Im guessing its a new GTO. But you wont run into any problems unless you take off your cats. I have the resinator and muffler delete and yeah its not back fire that your hearing. The poping is the unburned fuel combusting from the heat of the exhaust. Your fine. If anything you'll gain power. I took the mufflers off my 2006 and they weighted 31 pounds, theres nothing high performance about 30+ pounds of mufflers.


----------



## GuatoLT1 (Jul 22, 2009)

When i rev my car up it sounds liek a shotgun and pops like 10 times


----------



## BlueDevilGoat (Nov 7, 2010)

yeah its a 2006 w/ the 366 small block. its naturally aspirated too, i was talking to a buddy who does aftermarket stuff w/ tuner cars and he was telling me the compression ratio would drop causing a loss of hp unless it was turboed or supercharged. im not much of an expert haha so i dont have a clue.


----------



## jpalamar (Jul 22, 2008)

BlueDevilGoat said:


> yeah its a 2006 w/ the 366 small block. its naturally aspirated too, i was talking to a buddy who does aftermarket stuff w/ tuner cars and he was telling me the compression ratio would drop causing a loss of hp unless it was turboed or supercharged. im not much of an expert haha so i dont have a clue.


Your buddy is an idiot. I would NEVER ask him for advise again.

NO CAR LOSES COMPRESSION FOR A MUFFLER DELETE.


----------



## ALKYGTO (Mar 29, 2010)

your buddies aftermarket "stuff" must be from JC Whitney. 
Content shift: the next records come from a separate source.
section \<open>One integration along the contour\<close>

lemma ray_kernel_bounds:
  assumes c: "c \<in> {ray_dir, - ray_dir}" and C_le: "\<And>s. 1 \<le> s \<Longrightarrow> norm (C (c * of_real s)) \<le> B s"
  shows "norm (exp (of_real x * x_exponent (c * of_real s)) * (indicator {1..} s *\<^sub>R C (c * of_real s) * c))
      \<le> indicator {1..} s * B s"
    and "norm (x_exponent (c * of_real s)
        * (exp (of_real x * x_exponent (c * of_real s)) * (indicator {1..} s *\<^sub>R C (c * of_real s) * c)))
      \<le> indicator {1..} s * (s * B s)"
proof -
  let ?K = "exp (of_real x * x_exponent (c * of_real s)) * (indicator {1..} s *\<^sub>R C (c * of_real s) * c)"
  show K_le: "norm ?K \<le> indicator {1..} s * B s"
  proof (cases "1 \<le> s")
    case True
    then show ?thesis
      by (simp add: norm_mult ray_point_bounds[OF c True] C_le[OF True])
  qed simp
  show "norm (x_exponent (c * of_real s) * ?K) \<le> indicator {1..} s * (s * B s)"
  proof (cases "1 \<le> s")
    case True
    then show ?thesis
      using K_le ray_point_bounds(2)[OF c True] unfolding norm_mult
      by (auto intro: mult_mono order_trans[OF _ mult_right_mono])
  qed simp
qed

lemma ray_int_step:
  fixes C :: "complex \<Rightarrow> complex" and G G' :: "real \<Rightarrow> complex \<Rightarrow> complex" and B :: "real \<Rightarrow> real"
  assumes c: "c \<in> {ray_dir, - ray_dir}"
    and C_le: "\<And>s. 1 \<le> s \<Longrightarrow> norm (C (c * of_real s)) \<le> B s"
    and C_meas: "(\<lambda>s. indicator {1..} s *\<^sub>R C (c * of_real s)) \<in> borel_measurable borel"
    and B_int: "integrable lborel (\<lambda>s. indicator {1..} s * B s)"
    and sB_int: "integrable lborel (\<lambda>s. indicator {1..} s * (s * B s))"
    and G_der: "\<And>x s. 1 \<le> s \<Longrightarrow> ((\<lambda>x. G x (c * of_real s)) has_vector_derivative G' x (c * of_real s)) (at x)"
    and G_le: "\<And>x s. 1 \<le> s \<Longrightarrow> norm (G x (c * of_real s)) \<le> g"
    and G'_le: "\<And>x s. 1 \<le> s \<Longrightarrow> norm (G' x (c * of_real s)) \<le> d"
    and G_meas: "\<And>x. (\<lambda>s. G x (c * of_real s)) \<in> borel_measurable borel"
    and G'_meas: "\<And>x. (\<lambda>s. G' x (c * of_real s)) \<in> borel_measurable borel"
  shows "((\<lambda>x. ray_int c (\<lambda>k. exp (of_real x * x_exponent k) * C k * G x k)) has_vector_derivative
      ray_int c (\<lambda>k. exp (of_real x * x_exponent k) * C k * (x_exponent k * G x k + G' x k))) (at x)"
    and "norm (ray_int c (\<lambda>k. exp (of_real x * x_exponent k) * C k * G x k))
      \<le> g * (\<integral>s. indicator {1..} s * B s \<partial>lborel)"
    and "norm (ray_int c (\<lambda>k. exp (of_real x * x_exponent k) * C k * (x_exponent k * G x k + G' x k)))
      \<le> g * (\<integral>s. indicator {1..} s * (s * B s) \<partial>lborel) + d * (\<integral>s. indicator {1..} s * B s \<partial>lborel)"
proof -
  define K where "K x s = exp (of_real x * x_exponent (c * of_real s)) * (indicator {1..} s *\<^sub>R C (c * of_real s) * c)"
    for x s
  define K' where "K' x s = x_exponent (c * of_real s) * K x s" for x s
  define Gc where "Gc x s = indicator {1..} s *\<^sub>R G x (c * of_real s)" for x s
  define Gc' where "Gc' x s = indicator {1..} s *\<^sub>R G' x (c * of_real s)" for x s
  have "0 \<le> g" "0 \<le> d"
    using G_le[of 1] G'_le[of 1] norm_ge_zero order_trans by blast+
  then have Gc_le: "norm (Gc x s) \<le> g" and Gc'_le: "norm (Gc' x s) \<le> d" for x s
    using G_le G'_le by (auto simp: Gc_def Gc'_def indicator_def)
  have K_le: "norm (K x s) \<le> indicator {1..} s * B s" for x s
    unfolding K_def using c C_le by (rule ray_kernel_bounds(1))
  have K'_le: "norm (K' x s) \<le> indicator {1..} s * (s * B s)" for x s
    unfolding K'_def K_def using c C_le by (rule ray_kernel_bounds(2))
  have K_der: "((\<lambda>x. K x s) has_vector_derivative K' x s) (at x)" for x s
    unfolding K_def K'_def mult.assoc[symmetric]
    by (intro has_vector_derivative_mult_left has_vector_derivative_exp_of_real_mult)
  have Gc_der: "((\<lambda>x. Gc x s) has_vector_derivative Gc' x s) (at x)" for x s
    using G_der by (cases "1 \<le> s") (auto simp: Gc_def Gc'_def)
  note [measurable] = C_meas G_meas G'_meas
  have meas: "K x \<in> borel_measurable lborel" "K' x \<in> borel_measurable lborel"
    "Gc x \<in> borel_measurable lborel" "Gc' x \<in> borel_measurable lborel" for x
    unfolding K'_def K_def Gc_def Gc'_def by measurable
  note step = has_vector_derivative_integral_mult[OF K_der Gc_der K_le K'_le Gc_le Gc'_le B_int sB_int meas]
  have "ray_int c (\<lambda>k. exp (of_real x * x_exponent k) * C k * G x k) = (\<integral>s. K x s * Gc x s \<partial>lborel)" for x
    unfolding ray_int_def set_lebesgue_integral_def K_def Gc_def
    by (intro Bochner_Integration.integral_cong) (auto simp: indicator_def ac_simps)
  moreover have "ray_int c (\<lambda>k. exp (of_real x * x_exponent k) * C k * (x_exponent k * G x k + G' x k))
      = (\<integral>s. K x s * Gc' x s + K' x s * Gc x s \<partial>lborel)" for x
    unfolding ray_int_def set_lebesgue_integral_def K'_def K_def Gc_def Gc'_def
    by (intro Bochner_Integration.integral_cong) (auto simp: indicator_def algebra_simps)
  ultimately show
    "((\<lambda>x. ray_int c (\<lambda>k. exp (of_real x * x_exponent k) * C k * G x k)) has_vector_derivative
      ray_int c (\<lambda>k. exp (of_real x * x_exponent k) * C k * (x_exponent k * G x k + G' x k))) (at x)"
    "norm (ray_int c (\<lambda>k. exp (of_real x * x_exponent k) * C k * G x k))
      \<le> g * (\<integral>s. indicator {1..} s * B s \<partial>lborel)"
    "norm (ray_int c (\<lambda>k. exp (of_real x * x_exponent k) * C k * (x_exponent k * G x k + G' x k)))
      \<le> g * (\<integral>s. indicator {1..} s * (s * B s) \<partial>lborel) + d * (\<integral>s. indicator {1..} s * B s \<partial>lborel)"
    using step by simp_all
qed
lemma expected_cocoercive_imp_expected_residual:
  fixes g :: "'w \<Rightarrow> 'a::{real_inner, second_countable_topology} \<Rightarrow> 'a"
  assumes "prob_space M" and [measurable]: "\<And>x. (\<lambda>\<omega>. g \<omega> x) \<in> borel_measurable M"
    and "lipschitz_on L UNIV F" and "F xs = 0"
    and "expected_cocoercive M g F xs"
  shows "expected_residual M g F xs"
proof -
  obtain l where "0 \<le> l" and cocoercive: "\<And>x. 0 \<le> l * inner (F x) (x - xs) \<and>
      Esq M (\<lambda>\<omega>. g \<omega> x - g \<omega> xs) \<le> ennreal (l * inner (F x) (x - xs))"
    using assms(5) unfolding expected_cocoercive_def by blast
  have "0 \<le> L" using assms(3) by (rule lipschitz_on_nonneg)
  define \<delta> where "\<delta> = 4 * (l * L + L\<^sup>2)"
  have "Esq M (\<lambda>\<omega>. g \<omega> x - g \<omega> xs - (F x - F xs)) \<le> ennreal (\<delta> / 2 * (norm (x - xs))\<^sup>2)" for x
  proof -
    have "inner (F x) (x - xs) \<le> norm (F x) * norm (x - xs)"
      by (rule norm_cauchy_schwarz)
    also have "\<dots> \<le> L * norm (x - xs) * norm (x - xs)"
      using lipschitz_on_norm_le[OF assms(3,4)] by (rule mult_right_mono) simp
    finally have "l * inner (F x) (x - xs) \<le> l * (L * (norm (x - xs))\<^sup>2)"
      using \<open>0 \<le> l\<close> by (simp add: mult_left_mono power2_eq_square mult.assoc)
    moreover have "(norm (F x))\<^sup>2 \<le> L\<^sup>2 * (norm (x - xs))\<^sup>2"
      by (rule lipschitz_on_norm_squared_le[OF assms(3,4)])
    moreover have "Esq M (\<lambda>\<omega>. g \<omega> x - g \<omega> xs - (F x - F xs))
        \<le> ennreal (2 * (l * inner (F x) (x - xs)) + 2 * (norm (- F x))\<^sup>2)"
      using Esq_add_const_le[OF assms(1) _ conjunct2[OF cocoercive] conjunct1[OF cocoercive],
          of x "- F x"]
      by (simp add: assms(4))
    ultimately show ?thesis
      by (elim order_trans, intro ennreal_leI) (simp add: \<delta>_def algebra_simps)
  qed
  moreover have "0 \<le> \<delta>"
    using \<open>0 \<le> l\<close> \<open>0 \<le> L\<close> by (simp add: \<delta>_def)
  ultimately show ?thesis
    unfolding expected_residual_def by blast
qed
I would at least put some tailpipes on even if you stay muffler delete. You also might want to get a dyno tune to verify A/F ratios. :cheers


----------



## Rukee (Feb 8, 2007)

You lose back pressure, not compression.


----------



## svede1212 (Nov 1, 2005)

The back pressure loss will be minimal and of no consequence. What you gain is an obnoxious sounding car. I agree your friend doesn't know that much.


----------